EPSFModel

class photutils.psf.EPSFModel(data, *, flux=1.0, x_0=0.0, y_0=0.0, normalize=True, normalization_correction=1.0, origin=None, oversampling=1, fill_value=0.0, norm_radius=5.5, **kwargs)[source]

Bases: FittableImageModel

A class that models an effective PSF (ePSF).

The EPSFModel is normalized such that the sum of the PSF over the (undersampled) pixels within the the input norm_radius is 1.0. This means that when the EPSF is fit to stars, the resulting flux corresponds to aperture photometry within a circular aperture of radius norm_radius.

While this class is a subclass of FittableImageModel, it is very similar. The primary differences/motivation are a few additional parameters necessary specifically for ePSFs.

Parameters:
oversamplingint or array_like (int)

The integer oversampling factor(s) of the ePSF relative to the input stars along each axis. If oversampling is a scalar then it will be used for both axes. If oversampling has two elements, they must be in (y, x) order.

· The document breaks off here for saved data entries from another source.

lemma qmul_cancel_coset:
  assumes tf: "q_torsion_free" and b: "b \<in> C" "b' \<in> C"
    and dvd: "qmul s n * qmul s k dvd qmul s N"
    and eq: "qmul s n \<odot> b' \<in> coset M (qmul s n \<odot> b) (Q N)"
  shows "b' \<in> coset M b (Q k)"
proof -
  obtain c where c: "c \<in> C" "qmul s n \<odot> b' = qmul s n \<odot> b \<oplus> qmul s N \<odot> c"
    using eq by (auto simp: coset_def qsub_def)
  obtain d where d: "qmul s N = qmul s n * (qmul s k * d)" using dvd by (auto simp: dvd_def mult.assoc)
  define v where "v = qmul s k \<odot> (d \<odot> c)"
  have v: "v \<in> C" "v \<in> Q k" using c by (simp_all add: v_def qsub_def)
  have "qmul s n \<odot> b' = qmul s n \<odot> (b \<oplus> v)"
    using c b v d by (simp add: v_def smult_r_distr smult_assoc)
  then have "qmul s n \<odot> (ng (b \<oplus> v) \<oplus> b') = z0"
    using b v by (simp add: smult_r_distr smult_r_minus)
  then have "ng (b \<oplus> v) \<oplus> b' = z0" using tf b v by (simp add: q_torsion_free_def)
  then have "b' = b \<oplus> v" using b v by (metis add_closed neg_closed minus_minus minus_equality)
  then show ?thesis using v(2) by (auto simp: coset_def)
qed

lemma compl_level_qmul_cancel:
  assumes tf: "q_torsion_free" and t: "t \<in> carrier Mh" and b: "b \<in> C" "b' \<in> C"
    and dvd: "qmul s n * qmul s k dvd qmul s N" "qmul s n * qmul s k dvd qmul s N'"
    and lev: "qmul s n \<odot> b \<in> t N" "qmul s n \<odot> b' \<in> t N'"
  shows "b' \<in> coset M b (Q k)"
proof -
  let ?m = "min N N'"
  have dvd_m: "qmul s n * qmul s k dvd qmul s ?m" using dvd by (simp add: min_def)
  have "t N \<subseteq> t ?m" "t N' \<subseteq> t ?m" using compl_level_mono[OF t] by simp_all
  then have "qmul s n \<odot> b \<in> t ?m" "qmul s n \<odot> b' \<in> t ?m" using lev by blast+
  then have "qmul s n \<odot> b' \<in> coset M (qmul s n \<odot> b) (Q ?m)" using compl_level_eq[OF t] by blast
  then show ?thesis by (rule qmul_cancel_coset[OF tf b dvd_m])
qed

lemma coset_seq_in_completion:
  assumes "\<And>k. c k \<in> C" "\<And>k. c (Suc k) \<in> coset M (c k) (Q k)"
  shows "(\<lambda>k. coset M (c k) (Q k)) \<in> carrier Mh"
  unfolding compl_carrier_iff
proof (intro conjI allI)
  fix k
  show "\<exists>a\<in>C. coset M (c k) (Q k) = coset M a (Q k)" using assms(1) by blast
  have "coset M (c (Suc k)) (Q (Suc k)) \<subseteq> coset M (c (Suc k)) (Q k)"
    by (rule coset_mono[OF Q_mono]) simp
  also have "\<dots> = coset M (c k) (Q k)" by (rule coset_eq[OF Q_submodule assms])
  finally show "coset M (c (Suc k)) (Q (Suc k)) \<subseteq> coset M (c k) (Q k)" .
qed

text \<open>Division by \<open>q\<^sub>n\<close> is done levelwise: at level \<open>k\<close>, divide a representative at a level \<open>N\<close> with
  \<open>q\<^sub>n q\<^sub>k | q\<^sub>N\<close>; torsion-freeness makes the quotients compatible.\<close>
lemma compl_closure_divide:
  assumes mc: "mult_closed_seq s" and tf: "q_torsion_free"
    and E: "submodule M E" "qpure E"
    and t: "t \<in> compl_closure E" and tn: "t n = Q n"
  shows "\<exists>z\<in>compl_closure E. t = msmult Mh (qmul s n) z"
proof -
  have tc: "t \<in> carrier Mh" using t by (simp add: compl_closure_def)
  define N where "N k = (SOME N. N \<ge> max n k \<and> qmul s n * qmul s k dvd qmul s N)" for k
  have "N k \<ge> max n k \<and> qmul s n * qmul s k dvd qmul s (N k)" for k
    unfolding N_def by (rule someI_ex) (rule qmul_cofinal[OF mc])
  then have N: "N k \<ge> max n k" "qmul s n * qmul s k dvd qmul s (N k)" for k
    by auto
  have "\<exists>b. b \<in> E \<and> qmul s n \<odot> b \<in> t (N k)" for k
  proof -
    obtain a where a: "a \<in> E" "a \<in> t (N k)" using t by (auto simp: compl_closure_def)
    have "a \<in> Q n" using a(2) compl_level_mono[OF tc, of n "N k"] tn N(1)[of k] by auto
    then obtain c where "c \<in> E" "a = qmul s n \<odot> c" using qpureD[OF E(2) a(1)] by blast
    then show ?thesis using a(2) by blast
  qed
  then obtain b where b: "b k \<in> E" "qmul s n \<odot> b k \<in> t (N k)" for k by metis
  have bC: "b k \<in> C" for k using b(1) submoduleD(1)[OF E(1)] by auto
  have bt: "qmul s n \<odot> b k \<in> t k" for k
    using b(2) compl_level_mono[OF tc, of k "N k"] N(1)[of k] by auto
  have "b (Suc k) \<in> coset M (b k) (Q k)" for k
  proof (rule compl_level_qmul_cancel[OF tf tc bC[of k] bC[of "Suc k"] N(2)[of k] _ b(2)[of k] b(2)[of "Suc k"]])
    have "qmul s k dvd qmul s (Suc k)" by (simp add: qmul_Suc)
    then show "qmul s n * qmul s k dvd qmul s (N (Suc k))"
      using N(2)[of "Suc k"] by (meson dvd_trans mult_dvd_mono dvd_refl)
  qed
  then have zc: "(\<lambda>k. coset M (b k) (Q k)) \<in> carrier Mh"
    by (rule coset_seq_in_completion[OF bC])
  have "t = msmult Mh (qmul s n) (\<lambda>k. coset M (b k) (Q k))"
  proof
    fix k
    show "t k = msmult Mh (qmul s n) (\<lambda>k. coset M (b k) (Q k)) k"
      using compl_smult_level[OF zc coset_Q_self[OF bC]] compl_level_eq[OF tc bt] by simp
  qed
  moreover have "(\<lambda>k. coset M (b k) (Q k)) \<in> compl_closure E"
    using zc b(1) coset_Q_self[OF bC] by (auto simp: compl_closure_def)
  ultimately show ?thesis by blast
qed

lemma direct_summand_qpure:
  assumes ds: "direct_summand M E"
  shows "qpure E"
  unfolding qpure_def
proof (intro allI ballI impI)
  fix m a assume a: "a \<in> E" "a \<in> Q m"
  obtain D where E: "submodule M E" and D: "submodule M D" "E \<inter> D = {z0}"
    and CD: "C = {x \<oplus> y |x y. x \<in> E \<and> y \<in> D}" using ds by (auto simp: direct_summand_def)
  obtain c where c: "c \<in> C" "a = qmul s m \<odot> c" using a by (auto simp: qsub_def)
  obtain c1 c2 where cc: "c1 \<in> E" "c2 \<in> D" "c = c1 \<oplus> c2" using c CD by blast
  have cC: "c1 \<in> C" "c2 \<in> C" using cc submoduleD(1)[OF E] submoduleD(1)[OF D(1)] by auto
  have a2: "a = qmul s m \<odot> c1 \<oplus> qmul s m \<odot> c2" using c cc cC by (simp add: smult_r_distr)
  have "qmul s m \<odot> c2 = ng (qmul s m \<odot> c1) \<oplus> a" using a2 cC minus_add_cancel by simp
  then have "qmul s m \<odot> c2 \<in> E" using submoduleD(3,4,5)[OF E] cc a by simp
  moreover have "qmul s m \<odot> c2 \<in> D" using submoduleD(5)[OF D(1)] cc by simp
  ultimately have "qmul s m \<odot> c2 = z0" using D(2) by blast
  then show "\<exists>c\<in>E. a = qmul s m \<odot> c" using a2 cC cc by auto
qed

lemma rmodule_completion: "rmodule Mh"
  by (rule rmodule.intro) (rule is_rmod_completion)

lemma cemb_rhom: "rhom M Mh (cemb s M)"
  unfolding rhom_def
proof (intro conjI ballI allI)
  fix a b assume a: "a \<in> C" and b: "b \<in> C"
  show "cemb s M (a \<oplus> b) = madd Mh (cemb s M a) (cemb s M b)"
  proof
    fix m
    have "a \<in> cemb s M a m" "b \<in> cemb s M b m"
      using coset_Q_self a b by (simp_all add: cemb_level)
    then show "cemb s M (a \<oplus> b) m = madd Mh (cemb s M a) (cemb s M b) m"
      using compl_add_level[OF cemb_closed[OF a] cemb_closed[OF b]] by (simp add: cemb_level)
  qed
next
  fix r a assume a: "a \<in> C"
  show "cemb s M (r \<odot> a) = msmult Mh r (cemb s M a)"
  proof
    fix m
    have "a \<in> cemb s M a m" using coset_Q_self a by (simp add: cemb_level)
    then show "cemb s M (r \<odot> a) m = msmult Mh r (cemb s M a) m"
      using compl_smult_level[OF cemb_closed[OF a]] by (simp add: cemb_level)
  qed
qed (rule cemb_closed)

lemma compl_closure_dense:
  assumes mc: "mult_closed_seq s"
    and tf: "q_torsion_free"
    and E: "submodule M E" and pE: "qpure E" and y: "y \<in> compl_closure E"
  shows "\<exists>e\<in>E. \<exists>z\<in>compl_closure E. y = madd Mh (cemb s M e) (msmult Mh (qmul s n) z)"
proof -
  obtain e where e: "e \<in> E" "e \<in> y n" using y by (auto simp: compl_closure_def)
  have eC: "e \<in> C" using e submoduleD(1)[OF E] by auto
  have ce: "cemb s M e \<in> compl_closure E" and yC: "y \<in> carrier Mh"
    using cemb_in_compl_closure[OF E e(1)] y compl_closure_subset by auto
  define t where "t = madd Mh y (mneg Mh (cemb s M e))"
  have t: "t \<in> compl_closure E"
    unfolding t_def using compl_closure_add[OF E] compl_closure_neg[OF E] y ce by blast
  have "ng e \<in> mneg Mh (cemb s M e) n"
    using coset_Q_self eC by (simp add: compl_ops cemb_level)
  then have "t n = coset M (e \<oplus> ng e) (Q n)"
    unfolding t_def using compl_add_level[OF yC compl_neg_closed[OF cemb_closed[OF eC]] e(2)] by blast
  then have "t n = Q n" using coset_zero[OF Q_submodule] eC by simp
  then obtain z where z: "z \<in> compl_closure E" "t = msmult Mh (qmul s n) z"
    using compl_closure_divide[OF mc tf E pE t] by blast
  have "y = madd Mh (cemb s M e) t"
    unfolding t_def using rmodule.add_diff_cancel[OF rmodule_completion] yC cemb_closed[OF eC] by simp
  then show ?thesis using e(1) z by blast
qed

end

lemma freemod_q_torsion_free:
  assumes "S_torsion_free_ring s"
  shows "s_adic_module.q_torsion_free (freemod :: ('r::comm_ring_1, 'k list \<Rightarrow> 'r) rmod) s"
proof -
  interpret F: s_adic_module "freemod :: ('r, 'k list \<Rightarrow> 'r) rmod" s
    by unfold_locales (rule freemod_is_rmod)
  show ?thesis
    using qmul_torsion_free[OF assms] by (auto simp: F.q_torsion_free_def freemod_simps fun_eq_iff)
qed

norm_radiusfloat, optional

The radius inside which the ePSF is normalized by the sum over undersampled integer pixel values inside a circular aperture.

Attributes Summary

normalized_data

Overloaded dummy function that also returns self._data, as the normalization occurs within _compute_normalization in EPSFModel, and as such self._data will sum, accounting for under/oversampled pixels, to 1/self._normalization_correction.

origin

A tuple of x and y coordinates of the origin of the coordinate system in terms of pixels of model's image.

Methods Summary

compute_interpolator(**kwargs)

Compute/define the interpolating spline.

evaluate(x, y, flux, x_0, y_0)

Evaluate the model on some input variables and provided model parameters.

Attributes Documentation

normalized_data

Overloaded dummy function that also returns self._data, as the normalization occurs within _compute_normalization in EPSFModel, and as such self._data will sum, accounting for under/oversampled pixels, to 1/self._normalization_correction.

origin

A tuple of x and y coordinates of the origin of the coordinate system in terms of pixels of model’s image.

When setting the coordinate system origin, a tuple of two int or float may be used. If origin is set to None, the origin of the coordinate system will be set to the middle of the data array ((npix-1)/2.0).

Warning

Modifying origin will not adjust (modify) model’s parameters x_0 and y_0.

Methods Documentation

compute_interpolator(**kwargs)[source]

Compute/define the interpolating spline.

This function can be overridden in a subclass to define custom interpolators.

Parameters:
**kwargsdict, optional

Additional optional keyword arguments:

  • degreeint, tuple, optional

    Degree of the interpolating spline. A tuple can be used to provide different degrees for the X- and Y-axes. Default value is degree=3.

  • sfloat, optional

    Non-negative smoothing factor. Default value s=0 corresponds to interpolation. See RectBivariateSpline for more details.

Notes

  • When subclassing FittableImageModel for the purpose of overriding compute_interpolator(), the evaluate() may need to overridden as well depending on the behavior of the new interpolator. In addition, for improved future compatibility, make sure that the overriding method stores keyword arguments kwargs by calling _store_interpolator_kwargs method.

  • Use caution when modifying interpolator’s degree or smoothness in a computationally intensive part of the code as it may decrease code performance due to the need to recompute interpolator.

evaluate(x, y, flux, x_0, y_0)[source]

Evaluate the model on some input variables and provided model parameters.